Un week end speciale


La strada silenziosa si snodava tortuosa tra gli alberi, arrotolandosi su se stessa come un nero serpente che si nasconda furtivo alla vista del mondo. Pierre guidava piano nella penombra della sera primaverile appena iniziata, tenendo per mano Lorenza, sedutagli affianco, le dita intrecciate tra loro come in un unico e prezioso, indissolubile ricamo. Finalmente erano riusciti a concedersi un weekend lontano dalla città, in un piccolo castello in collina che si ergeva in un territorio immerso nella tranquillità delle campagne umbre. Si guardavano in silenzio, con un sorriso dipinto sul volto che raccontava, meglio di qualunque discorso, la loro gioia e il loro desiderio di respirarsi più da vicino. 
Avevano aspettato a lungo prima di riuscire ad organizzare questa partenza, bloccati ogni volta da qualche inconveniente, che fosse lavorativo o familiare. Ma ora erano riusciti finalmente a chiudere dietro di loro la porta delle rispettive vite e a farsi questo piccolo regalo, una partenza dal sapore di una fuga. Non avevano bisogno di altro che di pace, silenzio, natura e ... un letto per amarsi.
Giunti ormai a sera inoltrata nel piccolo castello arroccato sulla collina al di sopra del bosco, gestito da un'anziana coppia di inglesi trasferiti in Italia da una decina di anni in cerca di una vita diversa, decisero che avrebbero cenato lì, senza uscire in cerca di un romantico ristorantino, come inizialmente prospettato. 
Sistemato alla buona il piccolo bagaglio, scesero subito in sala, sempre tenendosi per mano, e si accomodarono ad un piccolo tavolo tondo sistemato proprio di fianco al caminetto che, nonostante fosse ormai fine marzo, era acceso e scoppiettante.
Seduti uno di fronte all'altra si tenevano per mano, quasi avendo timore di sciogliere un incantesimo qualora si fossero staccati, e iniziarono a raccontarsi degli ultimi giorni trascorsi lontano l'uno dall'altra, e parlando così da vicino, tra una risata e uno sguardo malizioso, il tempo volava veloce come il vento. Risero come due bimbi complici di qualche marachella, bevvero dell'ottimo " Sagrantino di Montefalco" d'annata, scelto da Pierre per accompagnare una cena preparata con cura, brindarono alla loro felicità, e poi, riscaldati dal fuoco, dal vino e dai loro stessi animi incendiati dall'amore, corsero a rifugiarsi nella loro suite.

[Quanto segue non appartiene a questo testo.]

(* Let $m\in\mathbb{N}$. If $S\subseteq\mathbb{N}^{\mathbb{N}}$ is $m$th-order guessable, then $S$ is in $\mathbf{\Delta}'_{m+2}$. More precisely, $S$ is a countable union of countable intersections, and also a countable intersection of countable unions, of sets that are $\mathbf{\Delta}^0_m$ if $m>0$ and clopen if $m=0$.
   Context: Baire space $\mathbb{N}^{\mathbb{N}}$ carries the product of discrete topologies; $\mathbf{\Sigma}^0_n,\mathbf{\Pi}^0_n,\mathbf{\Delta}^0_n$ are the boldface Borel pointclasses. Definition: $\mathbf{\Delta}'_2=\mathbf{\Delta}^0_2$; for $k>2$, $S\in\mathbf{\Delta}'_k$ iff $S$ is a countable union of countable intersections of $\mathbf{\Delta}^0_{k-2}$ sets and also a countable intersection of countable unions of $\mathbf{\Delta}^0_{k-2}$ sets. The language $\mathscr{L}_{\max}$ is the first-order language (with equality) having: a constant symbol $\overline{n}$ for each $n\in\mathbb{N}$; an $n$-ary function symbol $\tilde w$ for each $w:\mathbb{N}^n\to\mathbb{N}$; an $n$-ary predicate symbol $\tilde p$ for each $p\subseteq\mathbb{N}^n$; a special unary function symbol $\mathbf{f}$; and, for every $n$ and every $G:\mathbb{N}^n\times\mathbb{N}^{<\mathbb{N}}\to\mathbb{N}$, an $(n+1)$-ary function symbol $G\circ\mathbf{f}$. For $f\in\mathbb{N}^{\mathbb{N}}$, $\mathscr{M}_f$ is the structure with universe $\mathbb{N}$ interpreting $\overline n$ as $n$, $\tilde w$ as $w$, $\tilde p$ as $p$, $\mathbf f$ as $f$, and $G\circ\mathbf f$ as $(m_1,\dots,m_n,m)\mapsto G(m_1,\dots,m_n,f(0),\dots,f(m))$. For a sentence $\phi$, $f(\phi)=1$ if $\mathscr{M}_f\models\phi$ and $f(\phi)=0$ otherwise. Formula classes: "quantifier-free" means containing no quantifiers at all (not even bounded ones). $\Sigma_0=\Pi_0=\Delta_0$ is the set of quantifier-free formulas; $\Sigma_{n+1}=\{\exists x\,\phi:\phi\in\Pi_n\}$ and $\Pi_{n+1}=\{\forall x\,\phi:\phi\in\Sigma_n\}$; a formula is $\Delta_{n+1}$ if it is equivalent, in every structure $\mathscr{M}_f$ ($f\in\mathbb{N}^{\mathbb{N}}$), to some $\Sigma_{n+1}$ formula of $\mathscr{L}_{\max}$ and also to some $\Pi_{n+1}$ formula of $\mathscr{L}_{\max}$. For a set $\Sigma$ of symbols of $\mathscr{L}_{\max}$, a sentence "of $\mathscr{L}_{\max}\cap\Sigma$" is an $\mathscr{L}_{\max}$-sentence all of whose non-logical symbols lie in $\Sigma$. Definition ($m$th-order guessable): $S\subseteq\mathbb{N}^{\mathbb{N}}$ is $m$th-order guessable if there exist a countable set $\Sigma$ of $\mathscr{L}_{\max}$-symbols, a listing $\phi_0,\phi_1,\dots$ of all $\Delta_m$ sentences of $\mathscr{L}_{\max}\cap\Sigma$, and a function $G:\{0,1\}^{<\mathbb{N}}\to\mathbb{N}$ such that for every $f:\mathbb{N}\to\mathbb{N}$, $\lim_{n\to\infty}G(f(\phi_0),\dots,f(\phi_n))$ equals $1$ if $f\in S$ and $0$ if $f\notin S$. *)

theory Defs
  imports "HOL-Analysis.Analysis"
begin
(* Let $X$ and $Y$ be jointly spacelike slices (i.e. $X\cup Y$ is spacelike). Then the presheaf $(X\wedge Y)(-):\mathsf{Slice}^{op}\to\mathsf{Set}$ is representable (namely by the slice $X\cap Y$).
   Context: Fix a connected, time-orientable Lorentzian manifold $\mathcal{M}$ with a fixed time-orientation (no further causality assumptions). A causal curve is an equivalence class, up to monotone reparametrisation, of smooth regular paths $\mu:\iota\to\mathcal{M}$ ($\iota\subseteq\mathbb{R}$ an interval) whose tangent is everywhere timelike or null; it is future-directed if the tangent is everywhere future-directed. Write $x\prec y$ if $x=y$ or there is a future-directed causal curve from $x$ to $y$. A region $A\subseteq\mathcal{M}$ is spacelike if no two distinct points $x,y\in A$ satisfy $x\prec y$. A slice is a closed spacelike subset of $\mathcal{M}$; slices $X,Y$ are jointly spacelike if $X\cup Y$ is spacelike. For regions $A,B$, $\mathcal{C}[A,B]$ is the set of future-directed causal curves passing through $A$ and then $B$: for a representative path $\mu:\iota\to\mathcal{M}$, there exists $q\in\iota$ with $\mu(q)\in B$, and for every such $q$ there exists $p\le q$ with $\mu(p)\in A$. The category $\mathsf{Slice}$ has slices as objects, $\mathsf{Slice}(X,Y)=\mathcal{P}(\mathcal{C}[X,Y])$ (the powerset), composition $T\circ S:=T\cap S$, identities $1_X=\mathcal{C}[X,X]$. For slices $X,Y$, $(X\wedge Y)(-)$ is the presheaf with $(X\wedge Y)(Z):=\mathcal{P}(\mathcal{C}[Z,X]\cap\mathcal{C}[Z,Y])$ and $(X\wedge Y)(U:Z'\to Z):C\mapsto C\cap U$. *)

theory Defs
  imports "HOL-Analysis.Analysis"
begin

text \<open>
  The manifold is represented by a topological space of points of type 'm, and
  its causal structure by the parameter FD: the set of (representatives of)
  future-directed causal paths, each given as a pair (iota, mu) of a real
  interval iota and a map mu that is only relevant on iota.
\<close>

type_synonym 'm path = "real set \<times> (real \<Rightarrow> 'm)"

definition reparam :: "'m path \<Rightarrow> 'm path \<Rightarrow> bool" where
  "reparam P Q \<longleftrightarrow> (\<exists>f. strict_mono_on (fst Q) f \<and> f ` fst Q = fst P
                          \<and> (\<forall>t\<in>fst Q. snd Q t = snd P (f t)))"

definition curve_class :: "'m path \<Rightarrow> 'm path set" where
  "curve_class P = {Q. reparam P Q}"

definition fd_curves :: "'m path set \<Rightarrow> 'm path set set" where
  "fd_curves FD = {curve_class P | P. P \<in> FD \<and> is_interval (fst P)}"

definition cprec :: "'m path set \<Rightarrow> 'm \<Rightarrow> 'm \<Rightarrow> bool" where
  "cprec FD x y \<longleftrightarrow> x = y \<or>
     (\<exists>P\<in>FD. is_interval (fst P) \<and>
        (\<exists>p\<in>fst P. \<exists>q\<in>fst P. p \<le> q \<and> snd P p = x \<and> snd P q = y))"

definition spacelike :: "'m path set \<Rightarrow> 'm set \<Rightarrow> bool" where
  "spacelike FD A \<longleftrightarrow> (\<forall>x\<in>A. \<forall>y\<in>A. x \<noteq> y \<longrightarrow> \<not> cprec FD x y)"

definition slice :: "'m path set \<Rightarrow> 'm::topological_space set \<Rightarrow> bool" where
  "slice FD X \<longleftrightarrow> closed X \<and> spacelike FD X"

definition path_through :: "'m set \<Rightarrow> 'm set \<Rightarrow> 'm path \<Rightarrow> bool" where
  "path_through A B P \<longleftrightarrow>
     (\<exists>q\<in>fst P. snd P q \<in> B) \<and>
     (\<forall>q\<in>fst P. snd P q \<in> B \<longrightarrow> (\<exists>p\<in>fst P. p \<le> q \<and> snd P p \<in> A))"

definition CC :: "'m path set \<Rightarrow> 'm set \<Rightarrow> 'm set \<Rightarrow> 'm path set set" where
  "CC FD A B = {c \<in> fd_curves FD. \<exists>P\<in>c. path_through A B P}"

definition slice_hom :: "'m path set \<Rightarrow> 'm set \<Rightarrow> 'm set \<Rightarrow> 'm path set set set" where
  "slice_hom FD X Y = Pow (CC FD X Y)"

definition slice_comp :: "'m path set set \<Rightarrow> 'm path set set \<Rightarrow> 'm path set set" where
  "slice_comp T S = T \<inter> S"

definition wedge_obj :: "'m path set \<Rightarrow> 'm set \<Rightarrow> 'm set \<Rightarrow> 'm set \<Rightarrow> 'm path set set set" where
  "wedge_obj FD X Y Z = Pow (CC FD Z X \<inter> CC FD Z Y)"

definition wedge_map :: "'m path set set \<Rightarrow> 'm path set set \<Rightarrow> 'm path set set" where
  "wedge_map U C = C \<inter> U"

definition wedge_represented_by ::
  "'m path set \<Rightarrow> 'm::topological_space set \<Rightarrow> 'm set \<Rightarrow> 'm set \<Rightarrow> bool" where
  "wedge_represented_by FD X Y R \<longleftrightarrow> slice FD R \<and>
     (\<exists>phi. (\<forall>Z. slice FD Z \<longrightarrow> bij_betw (phi Z) (slice_hom FD Z R) (wedge_obj FD X Y Z)) \<and>
            (\<forall>Z Z' U S. slice FD Z \<longrightarrow> slice FD Z' \<longrightarrow> U \<in> slice_hom FD Z' Z \<longrightarrow>
                 S \<in> slice_hom FD Z R \<longrightarrow>
                 phi Z' (slice_comp S U) = wedge_map U (phi Z S)))"

end

theory Submission
  imports Defs
begin

(* Because X \<union> Y is spacelike, a future-directed causal curve meets X \<union> Y in at
   most one point. Hence a curve passing through Z and then X, and through Z and
   then Y, meets X and Y in the same point of X \<inter> Y, so C[Z, X \<inter> Y] is exactly
   C[Z, X] \<inter> C[Z, Y]. The hom-sets Slice(Z, X \<inter> Y) and (X \<and> Y)(Z) therefore
   coincide, and the identity maps form the natural isomorphism. *)

lemma reparam_refl: "reparam P P"
  unfolding reparam_def by (rule exI[of _ id]) (auto simp: strict_mono_on_def)

lemma path_through_reparam:
  assumes "reparam P Q" and "path_through A B Q"
  shows "path_through A B P"
proof -
  obtain f where mono: "strict_mono_on (fst Q) f" and onto: "f ` fst Q = fst P"
    and eq: "\<And>t. t \<in> fst Q \<Longrightarrow> snd Q t = snd P (f t)"
    using assms(1) unfolding reparam_def by blast
  from assms(2) obtain q where "q \<in> fst Q" "snd Q q \<in> B"
    unfolding path_through_def by blast
  then have hits_B: "\<exists>q\<in>fst P. snd P q \<in> B"
    using onto eq by (metis image_eqI)
  have "\<exists>p\<in>fst P. p \<le> q \<and> snd P p \<in> A" if "q \<in> fst P" "snd P q \<in> B" for q
  proof -
    from that(1) onto have "q \<in> f ` fst Q" by simp
    then obtain t where t: "t \<in> fst Q" "q = f t" by blast
    with eq that(2) have "snd Q t \<in> B" by simp
    then obtain s where s: "s \<in> fst Q" "s \<le> t" "snd Q s \<in> A"
      using assms(2) t(1) unfolding path_through_def by blast
    have "f s \<le> f t"
    proof (cases "s = t")
      case False
      with s(2) have "s < t" by simp
      then show ?thesis using strict_mono_onD[OF mono s(1) t(1)] by simp
    qed simp
    moreover have "f s \<in> fst P"
      using s(1) onto by blast
    moreover have "snd P (f s) \<in> A"
      using eq[OF s(1)] s(3) by simp
    ultimately show ?thesis
      using t(2) by blast
  qed
  with hits_B show ?thesis
    unfolding path_through_def by blast
qed

lemma curve_class_mem_CC_iff:
  assumes "P \<in> FD" and "is_interval (fst P)"
  shows "curve_class P \<in> CC FD A B \<longleftrightarrow> path_through A B P"
proof
  assume "curve_class P \<in> CC FD A B"
  then obtain Q where "reparam P Q" "path_through A B Q"
    unfolding CC_def curve_class_def by blast
  then show "path_through A B P"
    by (rule path_through_reparam)
next
  assume "path_through A B P"
  moreover have "P \<in> curve_class P"
    by (simp add: curve_class_def reparam_refl)
  ultimately show "curve_class P \<in> CC FD A B"
    using assms unfolding CC_def fd_curves_def by blast
qed

lemma cprec_along_path:
  assumes "P \<in> FD" and "is_interval (fst P)"
    and "a \<in> fst P" and "b \<in> fst P" and "a \<le> b"
  shows "cprec FD (snd P a) (snd P b)"
  unfolding cprec_def using assms by (intro disjI2 bexI[of _ P]) auto

lemma spacelike_meets_path_once:
  assumes "spacelike FD A" and "P \<in> FD" and "is_interval (fst P)"
    and "a \<in> fst P" and "b \<in> fst P" and "snd P a \<in> A" and "snd P b \<in> A"
  shows "snd P a = snd P b"
proof -
  have "cprec FD (snd P a) (snd P b) \<or> cprec FD (snd P b) (snd P a)"
  proof (cases "a \<le> b")
    case True
    then show ?thesis using cprec_along_path[OF assms(2-5)] by blast
  next
    case False
    then have "b \<le> a" by simp
    then show ?thesis using cprec_along_path[OF assms(2,3,5,4)] by blast
  qed
  with assms(1,6,7) show ?thesis
    unfolding spacelike_def by metis
qed

lemma path_through_Int_iff:
  assumes meet_once: "\<And>a b. a \<in> fst P \<Longrightarrow> b \<in> fst P \<Longrightarrow> snd P a \<in> X \<Longrightarrow> snd P b \<in> Y
                              \<Longrightarrow> snd P a = snd P b"
  shows "path_through Z (X \<inter> Y) P \<longleftrightarrow> path_through Z X P \<and> path_through Z Y P"
proof
  assume through: "path_through Z (X \<inter> Y) P"
  then obtain q0 where q0: "q0 \<in> fst P" "snd P q0 \<in> X \<inter> Y"
    unfolding path_through_def by blast
  have "snd P q \<in> X \<inter> Y" if "q \<in> fst P" "snd P q \<in> X \<union> Y" for q
    using that q0 meet_once[of q q0] meet_once[of q0 q] by auto
  with through q0 show "path_through Z X P \<and> path_through Z Y P"
    unfolding path_through_def by blast
next
  assume through: "path_through Z X P \<and> path_through Z Y P"
  then obtain q0 q1 where q0: "q0 \<in> fst P" "snd P q0 \<in> X" and q1: "q1 \<in> fst P" "snd P q1 \<in> Y"
    unfolding path_through_def by blast
  have "snd P q0 \<in> X \<inter> Y"
    using q0(2) q1(2) meet_once[OF q0(1) q1(1) q0(2) q1(2)] by simp
  with q0(1) have "\<exists>q\<in>fst P. snd P q \<in> X \<inter> Y"
    by blast
  moreover have "\<exists>p\<in>fst P. p \<le> q \<and> snd P p \<in> Z" if "q \<in> fst P" "snd P q \<in> X \<inter> Y" for q
    using through that unfolding path_through_def by blast
  ultimately show "path_through Z (X \<inter> Y) P"
    unfolding path_through_def by blast
qed

lemma CC_Int:
  assumes "spacelike FD (X \<union> Y)"
  shows "CC FD Z (X \<inter> Y) = CC FD Z X \<inter> CC FD Z Y"
proof (intro set_eqI)
  fix c
  show "c \<in> CC FD Z (X \<inter> Y) \<longleftrightarrow> c \<in> CC FD Z X \<inter> CC FD Z Y"
  proof (cases "c \<in> fd_curves FD")
    case True
    then obtain P where P: "P \<in> FD" "is_interval (fst P)" and c: "c = curve_class P"
      unfolding fd_curves_def by blast
    have "path_through Z (X \<inter> Y) P \<longleftrightarrow> path_through Z X P \<and> path_through Z Y P"
      by (rule path_through_Int_iff) (rule spacelike_meets_path_once[OF assms P], auto)
    then show ?thesis
      unfolding c by (simp add: curve_class_mem_CC_iff[OF P])
  next
    case False
    then show ?thesis
      unfolding CC_def by blast
  qed
qed

lemma slice_Int:
  assumes "slice FD X" and "slice FD Y"
  shows "slice FD (X \<inter> Y)"
  using assms unfolding slice_def spacelike_def by (simp add: closed_Int)

lemma wedge_represented_by_if_CC_eq:
  assumes "slice FD R" and "\<And>Z. CC FD Z R = CC FD Z X \<inter> CC FD Z Y"
  shows "wedge_represented_by FD X Y R"
  unfolding wedge_represented_by_def
proof (intro conjI exI[of _ "\<lambda>Z. id"] allI impI)
  show "slice FD R" by (rule assms(1))
  show "bij_betw id (slice_hom FD Z R) (wedge_obj FD X Y Z)" for Z
    by (simp add: slice_hom_def wedge_obj_def assms(2))
  show "id (slice_comp S U) = wedge_map U (id S)" for U S :: "'a path set set"
    by (simp add: slice_comp_def wedge_map_def)
qed

theorem mainTheorem8:
  fixes FD :: "('m::topological_space) path set"
    and X Y :: "'m set"
  assumes "slice FD X" and "slice FD Y" and "spacelike FD (X \<union> Y)"
  shows "wedge_represented_by FD X Y (X \<inter> Y)"
  using slice_Int[OF assms(1,2)] CC_Int[OF assms(3)]
  by (rule wedge_represented_by_if_CC_eq)

end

Osservarono così per la prima volta senza fretta la bellissima camera arredata con mobili antichi e tessuti broccati. Il letto antico a baldacchino troneggiava al centro della grande camera, in cima alla piccola torre, con i soffitti alti a croce, velato da tre strati di tende svolazzanti in chiffon dai colori ambrati, e vestito di lenzuola di seta e raso. Pierre aveva scelto il meglio quando aveva deciso di prenotare la suite, ed era veramente molto suggestiva. Si aveva l'impressione di tornare indietro nel tempo, al 1500, anno in cui il castello era stato costruito e abitato dalla famiglia Oderisi, da secoli dominante in quel territorio.

Era riuscito anche a far scivolare una cospicua mancia tra le mani del cameriere in modo che, durante la cena, mandasse qualcuno in camera ad accendere candele e fiaccole e a distribuire petali di fiori sul letto. 
Aveva voglia di stupirla, di leggere la meraviglia e la gioia nei suoi occhi, di farla sentire importante almeno quanto lo era per lui. Avrebbe fatto di tutto per poter vedere luccicare i suoi grandi occhi verdi. 
Da quando si erano conosciuti ogni giorno era una scoperta, ogni gesto quotidiano, ogni incombenza, se affrontata con lei o per lei, perdeva all'istante il suo carico. 
Non gli era mai capitato prima di innamorarsi in modo così profondo, nonostante avesse ormai superato la trentina. La freschezza e la trasparenza di Lorenza lo lasciavano ogni volta incantato. Era una ragazza dalla solarità contagiosa, affrontava ogni cosa con l'entusiasmo di un bambino che veda per la prima volta il mare, o la neve candida che scende silenziosa e magica. Lei riusciva a trasferire agli altri un pizzico di questa sua gioia di vivere e Pierre era cambiato da quando era con lei. Si sentiva più forte, più sicuro, e soprattutto aveva dimenticato le sofferenze del passato.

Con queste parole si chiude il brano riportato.